text \<open>On strictly positive points both sets are cut out by log-linear conditions, and they
  coincide, so the identity is the homeomorphism. Moebius inversion on the Boolean lattice
  writes \<open>ln q(i) = \<Sum>V\<subseteq>i. \<beta>\<^sub>V\<close> with
  \<open>\<beta>\<^sub>V = \<Sum>U\<subseteq>V. (-1)\<^bsup>|V|+|U|\<^esup> ln q(U)\<close>. For \<open>V \<in> \<F>\<^sub>a\<^sub>s\<^sub>c\<close> this Moebius row, restricted to
  \<open>\<I>\<close>, lies in \<open>Ker A\<close>, since its sum over the supersets of any \<open>W \<noteq> V\<close> vanishes. Homogenizing the
  corresponding binomial with \<open>p\<^sub>0\<close> gives a homogeneous polynomial vanishing on the closure,
  and its logarithm at \<open>q\<close> is exactly \<open>\<beta>\<^sub>V\<close>; hence \<open>\<beta>\<^sub>V = 0\<close> on the closure. Conversely, if \<open>\<beta>\<close>
  vanishes on \<open>\<F>\<^sub>a\<^sub>s\<^sub>c\<close>, then \<open>ln (q/q\<^sub>0)\<close> lies in the row space of \<open>A\<close>, so \<open>q/q\<^sub>0 \<in> \<X>\<^sub>A\<close>, and \<open>q\<close>
  lies in the closure because the closure is a cone.\<close>

lemma sum_alternating_subsupersets:
  assumes "finite S" "U \<subset> S"
  shows "(\<Sum>T | T \<subseteq> S \<and> U \<subseteq> T. (-1::'b::ring_1) ^ card T) = 0"
proof (rule sum_alternating_cancels)
  show "finite {T. T \<subseteq> S \<and> U \<subseteq> T}"
    using assms(1) by simp
  show "card {T \<in> {T. T \<subseteq> S \<and> U \<subseteq> T}. even (card T)}
      = card {T \<in> {T. T \<subseteq> S \<and> U \<subseteq> T}. odd (card T)}"
    using card_subsupersets_even_odd[OF assms] by (simp add: conj_assoc)
qed

lemma moebius_inversion_Pow:
  fixes f :: "'a set \<Rightarrow> 'b::comm_ring_1"
  assumes "finite S"
  shows "f S = (\<Sum>V\<in>Pow S. \<Sum>U\<in>Pow V. (-1) ^ card V * (-1) ^ card U * f U)"
proof -
  have "f S = (\<Sum>V\<in>Pow S. (-1) ^ card V * (\<Sum>U\<in>Pow V. (-1) ^ card U * f U))"
    by (rule inclusion_exclusion_symmetric[OF refl assms])
  then show ?thesis
    by (simp add: sum_distrib_left mult.assoc)
qed

lemma prod_pow_pos_part_eq_neg_part_iff:
  fixes x :: "'a \<Rightarrow> real" and e :: "'a \<Rightarrow> int"
  assumes "finite S" and pos: "\<And>v. v \<in> S \<Longrightarrow> x v > 0"
  shows "(\<Prod>v\<in>S. x v ^ nat (e v)) = (\<Prod>v\<in>S. x v ^ nat (- e v))
    \<longleftrightarrow> (\<Sum>v\<in>S. of_int (e v) * ln (x v)) = 0"
proof -
  have nat_parts: "real (nat k) - real (nat (- k)) = of_int k" for k :: int
    by (cases "k \<ge> 0") auto
  have ln_prod_pow: "ln (\<Prod>v\<in>S. x v ^ n v) = (\<Sum>v\<in>S. real (n v) * ln (x v))"
    for n :: "'a \<Rightarrow> nat"
    using pos by (subst ln_prod) (auto simp: assms(1) ln_realpow less_imp_neq[symmetric])
  have "ln (\<Prod>v\<in>S. x v ^ nat (e v)) - ln (\<Prod>v\<in>S. x v ^ nat (- e v))
      = (\<Sum>v\<in>S. (real (nat (e v)) - real (nat (- e v))) * ln (x v))"
    by (simp add: ln_prod_pow left_diff_distrib sum_subtractf)
  also have "\<dots> = (\<Sum>v\<in>S. of_int (e v) * ln (x v))"
    by (simp only: nat_parts)
  finally have ln_diff: "ln (\<Prod>v\<in>S. x v ^ nat (e v)) - ln (\<Prod>v\<in>S. x v ^ nat (- e v))
      = (\<Sum>v\<in>S. of_int (e v) * ln (x v))" .
  have "(\<Prod>v\<in>S. x v ^ nat (e v)) > 0" "(\<Prod>v\<in>S. x v ^ nat (- e v)) > 0"
    using pos by (auto intro: prod_pos)
  then have "(\<Prod>v\<in>S. x v ^ nat (e v)) = (\<Prod>v\<in>S. x v ^ nat (- e v))
      \<longleftrightarrow> ln (\<Prod>v\<in>S. x v ^ nat (e v)) = ln (\<Prod>v\<in>S. x v ^ nat (- e v))"
    by (rule ln_inj_iff[symmetric])
  with ln_diff show ?thesis
    by linarith
qed

lemma poly_eval_scaleR_homogeneous:
  assumes "\<And>m. c m \<noteq> 0 \<Longrightarrow> (\<Sum>v\<in>UNIV. m v) = n"
  shows "poly_eval c (a *\<^sub>R q) = a ^ n * poly_eval c q"
proof -
  have "(\<Prod>v\<in>UNIV. ((a *\<^sub>R q) $ v) ^ m v) = a ^ n * (\<Prod>v\<in>UNIV. (q $ v) ^ m v)"
    if "c m \<noteq> 0" for m
  proof -
    have "(\<Prod>v\<in>UNIV. a ^ m v) = a ^ n"
      using assms[OF that] by (simp flip: power_sum)
    then show ?thesis
      by (simp add: power_mult_distrib prod.distrib)
  qed
  then show ?thesis
    unfolding poly_eval_def by (simp add: sum_distrib_left mult_ac)
qed

lemma proj_closure_scaleR:
  assumes "q \<in> proj_closure Fa"
  shows "a *\<^sub>R q \<in> proj_closure Fa"
  unfolding proj_closure_def
proof (intro CollectI allI impI)
  fix c assume c: "is_poly c \<and> homogeneous_poly c \<and> (\<forall>p\<in>X_A Fa. poly_eval c (homog_pt p) = 0)"
  then obtain n where "\<And>m. c m \<noteq> 0 \<Longrightarrow> (\<Sum>v\<in>UNIV. m v) = n"
    unfolding homogeneous_poly_def by blast
  then have "poly_eval c (a *\<^sub>R q) = a ^ n * poly_eval c q"
    by (rule poly_eval_scaleR_homogeneous)
  also have "poly_eval c q = 0"
    using assms c unfolding proj_closure_def by blast
  finally show "poly_eval c (a *\<^sub>R q) = 0"
    by simp
qed

lemma homog_pt_in_proj_closure:
  assumes "p \<in> X_A Fa"
  shows "homog_pt p \<in> proj_closure Fa"
  using assms unfolding proj_closure_def by blast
------------------------------------
WHAT YOU ARE ASKED TO DO: The entries above must be repeated word for word.

RESULT BELOW:
text \<open>On strictly positive points both sets are cut out by log-linear conditions, and they
  coincide, so the identity is the homeomorphism. Moebius inversion on the Boolean lattice
  writes \<open>ln q(i) = \<Sum>V\<subseteq>i. \<beta>\<^sub>V\<close> with
  \<open>\<beta>\<^sub>V = \<Sum>U\<subseteq>V. (-1)\<^bsup>|V|+|U|\<^esup> ln q(U)\<close>. For \<open>V \<in> \<F>\<^sub>a\<^sub>s\<^sub>c\<close> this Moebius row, restricted to
  \<open>\<I>\<close>, lies in \<open>Ker A\<close>, since its sum over the supersets of any \<open>W \<noteq> V\<close> vanishes. Homogenizing the
  corresponding binomial with \<open>p\<^sub>0\<close> gives a homogeneous polynomial vanishing on the closure,
  and its logarithm at \<open>q\<close> is exactly \<open>\<beta>\<^sub>V\<close>; hence \<open>\<beta>\<^sub>V = 0\<close> on the closure. Conversely, if \<open>\<beta>\<close>
  vanishes on \<open>\<F>\<^sub>a\<^sub>s\<^sub>c\<close>, then \<open>ln (q/q\<^sub>0)\<close> lies in the row space of \<open>A\<close>, so \<open>q/q\<^sub>0 \<in> \<X>\<^sub>A\<close>, and \<open>q\<close>
  lies in the closure because the closure is a cone.\<close>

lemma sum_alternating_subsupersets:
  assumes "finite S" "U \<subset> S"
  shows "(\<Sum>T | T \<subseteq> S \<and> U \<subseteq> T. (-1::'b::ring_1) ^ card T) = 0"
proof (rule sum_alternating_cancels)
  show "finite {T. T \<subseteq> S \<and> U \<subseteq> T}"
    using assms(1) by simp
  show "card {T \<in> {T. T \<subseteq> S \<and> U \<subseteq> T}. even (card T)}
      = card {T \<in> {T. T \<subseteq> S \<and> U \<subseteq> T}. odd (card T)}"
    using card_subsupersets_even_odd[OF assms] by (simp add: conj_assoc)
qed

lemma moebius_inversion_Pow:
  fixes f :: "'a set \<Rightarrow> 'b::comm_ring_1"
  assumes "finite S"
  shows "f S = (\<Sum>V\<in>Pow S. \<Sum>U\<in>Pow V. (-1) ^ card V * (-1) ^ card U * f U)"
proof -
  have "f S = (\<Sum>V\<in>Pow S. (-1) ^ card V * (\<Sum>U\<in>Pow V. (-1) ^ card U * f U))"
    by (rule inclusion_exclusion_symmetric[OF refl assms])
  then show ?thesis
    by (simp add: sum_distrib_left mult.assoc)
qed

lemma prod_pow_pos_part_eq_neg_part_iff:
  fixes x :: "'a \<Rightarrow> real" and e :: "'a \<Rightarrow> int"
  assumes "finite S" and pos: "\<And>v. v \<in> S \<Longrightarrow> x v > 0"
  shows "(\<Prod>v\<in>S. x v ^ nat (e v)) = (\<Prod>v\<in>S. x v ^ nat (- e v))
    \<longleftrightarrow> (\<Sum>v\<in>S. of_int (e v) * ln (x v)) = 0"
proof -
  have nat_parts: "real (nat k) - real (nat (- k)) = of_int k" for k :: int
    by (cases "k \<ge> 0") auto
  have ln_prod_pow: "ln (\<Prod>v\<in>S. x v ^ n v) = (\<Sum>v\<in>S. real (n v) * ln (x v))"
    for n :: "'a \<Rightarrow> nat"
    using pos by (subst ln_prod) (auto simp: assms(1) ln_realpow less_imp_neq[symmetric])
  have "ln (\<Prod>v\<in>S. x v ^ nat (e v)) - ln (\<Prod>v\<in>S. x v ^ nat (- e v))
      = (\<Sum>v\<in>S. (real (nat (e v)) - real (nat (- e v))) * ln (x v))"
    by (simp add: ln_prod_pow left_diff_distrib sum_subtractf)
  also have "\<dots> = (\<Sum>v\<in>S. of_int (e v) * ln (x v))"
    by (simp only: nat_parts)
  finally have ln_diff: "ln (\<Prod>v\<in>S. x v ^ nat (e v)) - ln (\<Prod>v\<in>S. x v ^ nat (- e v))
      = (\<Sum>v\<in>S. of_int (e v) * ln (x v))" .
  have "(\<Prod>v\<in>S. x v ^ nat (e v)) > 0" "(\<Prod>v\<in>S. x v ^ nat (- e v)) > 0"
    using pos by (auto intro: prod_pos)
  then have "(\<Prod>v\<in>S. x v ^ nat (e v)) = (\<Prod>v\<in>S. x v ^ nat (- e v))
      \<longleftrightarrow> ln (\<Prod>v\<in>S. x v ^ nat (e v)) = ln (\<Prod>v\<in>S. x v ^ nat (- e v))"
    by (rule ln_inj_iff[symmetric])
  with ln_diff show ?thesis
    by linarith
qed

lemma poly_eval_scaleR_homogeneous:
  assumes "\<And>m. c m \<noteq> 0 \<Longrightarrow> (\<Sum>v\<in>UNIV. m v) = n"
  shows "poly_eval c (a *\<^sub>R q) = a ^ n * poly_eval c q"
proof -
  have "(\<Prod>v\<in>UNIV. ((a *\<^sub>R q) $ v) ^ m v) = a ^ n * (\<Prod>v\<in>UNIV. (q $ v) ^ m v)"
    if "c m \<noteq> 0" for m
  proof -
    have "(\<Prod>v\<in>UNIV. a ^ m v) = a ^ n"
      using assms[OF that] by (simp flip: power_sum)
    then show ?thesis
      by (simp add: power_mult_distrib prod.distrib)
  qed
  then show ?thesis
    unfolding poly_eval_def by (simp add: sum_distrib_left mult_ac)
qed

lemma proj_closure_scaleR:
  assumes "q \<in> proj_closure Fa"
  shows "a *\<^sub>R q \<in> proj_closure Fa"
  unfolding proj_closure_def
proof (intro CollectI allI impI)
  fix c assume c: "is_poly c \<and> homogeneous_poly c \<and> (\<forall>p\<in>X_A Fa. poly_eval c (homog_pt p) = 0)"
  then obtain n where "\<And>m. c m \<noteq> 0 \<Longrightarrow> (\<Sum>v\<in>UNIV. m v) = n"
    unfolding homogeneous_poly_def by blast
  then have "poly_eval c (a *\<^sub>R q) = a ^ n * poly_eval c q"
    by (rule poly_eval_scaleR_homogeneous)
  also have "poly_eval c q = 0"
    using assms c unfolding proj_closure_def by blast
  finally show "poly_eval c (a *\<^sub>R q) = 0"
    by simp
qed

lemma homog_pt_in_proj_closure:
  assumes "p \<in> X_A Fa"
  shows "homog_pt p \<in> proj_closure Fa"
  using assms unfolding proj_closure_def by blast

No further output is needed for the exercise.